[EXERCISE INSTRUCTIONS] From the entries below, copy exactly the lines from the one that contains "u \<in> cycle_of" through the one that contains "nat \<Rightarrow> gelt", both included, and only those.

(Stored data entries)

◆ ◆ ◆ ◆ ◆ ◆ ◆

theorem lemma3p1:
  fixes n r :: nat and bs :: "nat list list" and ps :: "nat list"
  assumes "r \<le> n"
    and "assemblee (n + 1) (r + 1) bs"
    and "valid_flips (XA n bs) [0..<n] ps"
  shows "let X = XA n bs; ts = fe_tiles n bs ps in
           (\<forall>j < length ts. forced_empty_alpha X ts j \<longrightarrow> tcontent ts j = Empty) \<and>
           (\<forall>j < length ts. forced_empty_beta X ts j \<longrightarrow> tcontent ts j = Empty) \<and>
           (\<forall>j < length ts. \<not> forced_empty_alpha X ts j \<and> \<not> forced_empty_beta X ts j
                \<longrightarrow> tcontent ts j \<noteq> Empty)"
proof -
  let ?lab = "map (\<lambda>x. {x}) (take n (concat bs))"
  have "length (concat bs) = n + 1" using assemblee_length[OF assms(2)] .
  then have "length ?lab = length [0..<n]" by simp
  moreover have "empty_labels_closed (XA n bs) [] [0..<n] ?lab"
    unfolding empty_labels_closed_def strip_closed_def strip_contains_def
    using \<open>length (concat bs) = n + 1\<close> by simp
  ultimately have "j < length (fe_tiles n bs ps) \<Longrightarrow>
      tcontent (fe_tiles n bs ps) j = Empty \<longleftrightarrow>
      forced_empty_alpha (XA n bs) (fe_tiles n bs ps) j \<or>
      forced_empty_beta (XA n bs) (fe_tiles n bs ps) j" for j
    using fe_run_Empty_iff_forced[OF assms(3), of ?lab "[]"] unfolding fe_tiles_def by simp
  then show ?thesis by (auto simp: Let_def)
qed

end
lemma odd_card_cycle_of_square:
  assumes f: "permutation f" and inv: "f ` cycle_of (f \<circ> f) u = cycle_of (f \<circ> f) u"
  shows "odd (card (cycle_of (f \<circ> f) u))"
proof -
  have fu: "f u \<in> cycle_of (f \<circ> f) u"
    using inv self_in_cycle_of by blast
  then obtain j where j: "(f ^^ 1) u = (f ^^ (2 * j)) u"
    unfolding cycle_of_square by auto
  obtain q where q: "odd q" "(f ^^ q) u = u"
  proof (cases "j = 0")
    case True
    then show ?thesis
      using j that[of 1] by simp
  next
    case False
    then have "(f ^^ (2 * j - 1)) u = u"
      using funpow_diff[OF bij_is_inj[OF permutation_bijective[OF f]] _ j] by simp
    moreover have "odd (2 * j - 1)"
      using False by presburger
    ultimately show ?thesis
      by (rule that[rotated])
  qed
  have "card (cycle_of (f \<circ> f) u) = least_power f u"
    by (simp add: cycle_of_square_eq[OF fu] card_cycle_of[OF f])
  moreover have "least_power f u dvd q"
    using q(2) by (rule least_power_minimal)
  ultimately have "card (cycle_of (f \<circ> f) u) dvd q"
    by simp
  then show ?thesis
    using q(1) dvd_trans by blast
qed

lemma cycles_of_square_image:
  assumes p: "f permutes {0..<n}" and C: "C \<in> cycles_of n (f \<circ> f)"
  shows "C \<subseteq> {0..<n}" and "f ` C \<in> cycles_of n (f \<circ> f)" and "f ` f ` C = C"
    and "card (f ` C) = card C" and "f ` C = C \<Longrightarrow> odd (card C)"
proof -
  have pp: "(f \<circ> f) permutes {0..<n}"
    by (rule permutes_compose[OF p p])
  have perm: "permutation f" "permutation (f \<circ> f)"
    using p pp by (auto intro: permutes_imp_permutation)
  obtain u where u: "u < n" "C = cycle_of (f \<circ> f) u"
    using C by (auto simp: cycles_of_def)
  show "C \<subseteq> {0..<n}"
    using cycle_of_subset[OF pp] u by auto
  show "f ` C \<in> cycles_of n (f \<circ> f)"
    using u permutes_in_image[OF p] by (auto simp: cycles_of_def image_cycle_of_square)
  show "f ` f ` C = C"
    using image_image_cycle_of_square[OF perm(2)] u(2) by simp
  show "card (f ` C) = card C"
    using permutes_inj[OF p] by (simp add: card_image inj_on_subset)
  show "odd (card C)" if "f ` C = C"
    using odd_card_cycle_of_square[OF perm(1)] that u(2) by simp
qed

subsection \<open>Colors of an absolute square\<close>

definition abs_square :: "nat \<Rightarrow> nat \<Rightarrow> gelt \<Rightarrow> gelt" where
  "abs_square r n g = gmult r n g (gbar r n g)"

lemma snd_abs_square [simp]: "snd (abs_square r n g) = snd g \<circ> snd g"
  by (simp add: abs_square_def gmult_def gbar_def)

◆ ◆ ◆ ◆ ◆ ◆ ◆

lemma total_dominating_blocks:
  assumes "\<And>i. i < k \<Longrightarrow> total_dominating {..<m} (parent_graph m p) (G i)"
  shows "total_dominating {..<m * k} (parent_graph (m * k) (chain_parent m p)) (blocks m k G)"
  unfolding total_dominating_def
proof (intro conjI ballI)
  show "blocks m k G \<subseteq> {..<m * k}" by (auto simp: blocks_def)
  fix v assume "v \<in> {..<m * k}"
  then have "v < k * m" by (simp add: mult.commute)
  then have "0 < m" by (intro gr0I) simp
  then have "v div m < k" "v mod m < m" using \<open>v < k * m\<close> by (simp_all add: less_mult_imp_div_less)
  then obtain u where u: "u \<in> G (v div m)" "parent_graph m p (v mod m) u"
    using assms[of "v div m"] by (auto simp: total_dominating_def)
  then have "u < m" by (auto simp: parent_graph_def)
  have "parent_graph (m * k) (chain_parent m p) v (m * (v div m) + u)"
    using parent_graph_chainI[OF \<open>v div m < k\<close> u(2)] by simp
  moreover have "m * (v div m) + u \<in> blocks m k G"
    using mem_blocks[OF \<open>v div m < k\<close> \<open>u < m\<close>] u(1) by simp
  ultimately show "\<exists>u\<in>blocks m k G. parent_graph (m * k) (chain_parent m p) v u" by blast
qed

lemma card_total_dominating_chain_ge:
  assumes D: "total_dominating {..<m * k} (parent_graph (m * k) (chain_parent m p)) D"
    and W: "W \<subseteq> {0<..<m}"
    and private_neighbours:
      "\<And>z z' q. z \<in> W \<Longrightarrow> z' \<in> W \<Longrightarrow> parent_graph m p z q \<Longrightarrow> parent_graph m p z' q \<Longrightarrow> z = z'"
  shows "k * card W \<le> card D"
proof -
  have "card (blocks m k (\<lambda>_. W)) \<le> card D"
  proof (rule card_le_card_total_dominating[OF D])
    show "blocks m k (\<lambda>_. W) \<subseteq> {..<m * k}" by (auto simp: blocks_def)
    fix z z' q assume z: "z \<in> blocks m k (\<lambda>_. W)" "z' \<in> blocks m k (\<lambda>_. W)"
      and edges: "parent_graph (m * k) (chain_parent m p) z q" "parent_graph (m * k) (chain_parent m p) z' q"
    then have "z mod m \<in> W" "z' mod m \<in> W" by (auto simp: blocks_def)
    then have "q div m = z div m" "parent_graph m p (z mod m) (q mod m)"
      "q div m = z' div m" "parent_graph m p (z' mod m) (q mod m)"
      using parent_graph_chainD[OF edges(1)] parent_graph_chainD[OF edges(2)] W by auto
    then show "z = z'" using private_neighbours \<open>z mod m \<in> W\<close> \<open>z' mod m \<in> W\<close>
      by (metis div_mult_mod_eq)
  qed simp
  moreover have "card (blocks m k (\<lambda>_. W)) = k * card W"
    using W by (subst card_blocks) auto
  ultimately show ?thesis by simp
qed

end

◆ ◆ ◆ ◆ ◆ ◆ ◆

[THE COMPLETED TASK]
  have fu: "f u \<in> cycle_of (f \<circ> f) u"
    using inv self_in_cycle_of by blast
  then obtain j where j: "(f ^^ 1) u = (f ^^ (2 * j)) u"
    unfolding cycle_of_square by auto
  obtain q where q: "odd q" "(f ^^ q) u = u"
  proof (cases "j = 0")
    case True
    then show ?thesis
      using j that[of 1] by simp
  next
    case False
    then have "(f ^^ (2 * j - 1)) u = u"
      using funpow_diff[OF bij_is_inj[OF permutation_bijective[OF f]] _ j] by simp
    moreover have "odd (2 * j - 1)"
      using False by presburger
    ultimately show ?thesis
      by (rule that[rotated])
  qed
  have "card (cycle_of (f \<circ> f) u) = least_power f u"
    by (simp add: cycle_of_square_eq[OF fu] card_cycle_of[OF f])
  moreover have "least_power f u dvd q"
    using q(2) by (rule least_power_minimal)
  ultimately have "card (cycle_of (f \<circ> f) u) dvd q"
    by simp
  then show ?thesis
    using q(1) dvd_trans by blast
qed

lemma cycles_of_square_image:
  assumes p: "f permutes {0..<n}" and C: "C \<in> cycles_of n (f \<circ> f)"
  shows "C \<subseteq> {0..<n}" and "f ` C \<in> cycles_of n (f \<circ> f)" and "f ` f ` C = C"
    and "card (f ` C) = card C" and "f ` C = C \<Longrightarrow> odd (card C)"
proof -
  have pp: "(f \<circ> f) permutes {0..<n}"
    by (rule permutes_compose[OF p p])
  have perm: "permutation f" "permutation (f \<circ> f)"
    using p pp by (auto intro: permutes_imp_permutation)
  obtain u where u: "u < n" "C = cycle_of (f \<circ> f) u"
    using C by (auto simp: cycles_of_def)
  show "C \<subseteq> {0..<n}"
    using cycle_of_subset[OF pp] u by auto
  show "f ` C \<in> cycles_of n (f \<circ> f)"
    using u permutes_in_image[OF p] by (auto simp: cycles_of_def image_cycle_of_square)
  show "f ` f ` C = C"
    using image_image_cycle_of_square[OF perm(2)] u(2) by simp
  show "card (f ` C) = card C"
    using permutes_inj[OF p] by (simp add: card_image inj_on_subset)
  show "odd (card C)" if "f ` C = C"
    using odd_card_cycle_of_square[OF perm(1)] that u(2) by simp
qed

subsection \<open>Colors of an absolute square\<close>

definition abs_square :: "nat \<Rightarrow> nat \<Rightarrow> gelt \<Rightarrow> gelt" where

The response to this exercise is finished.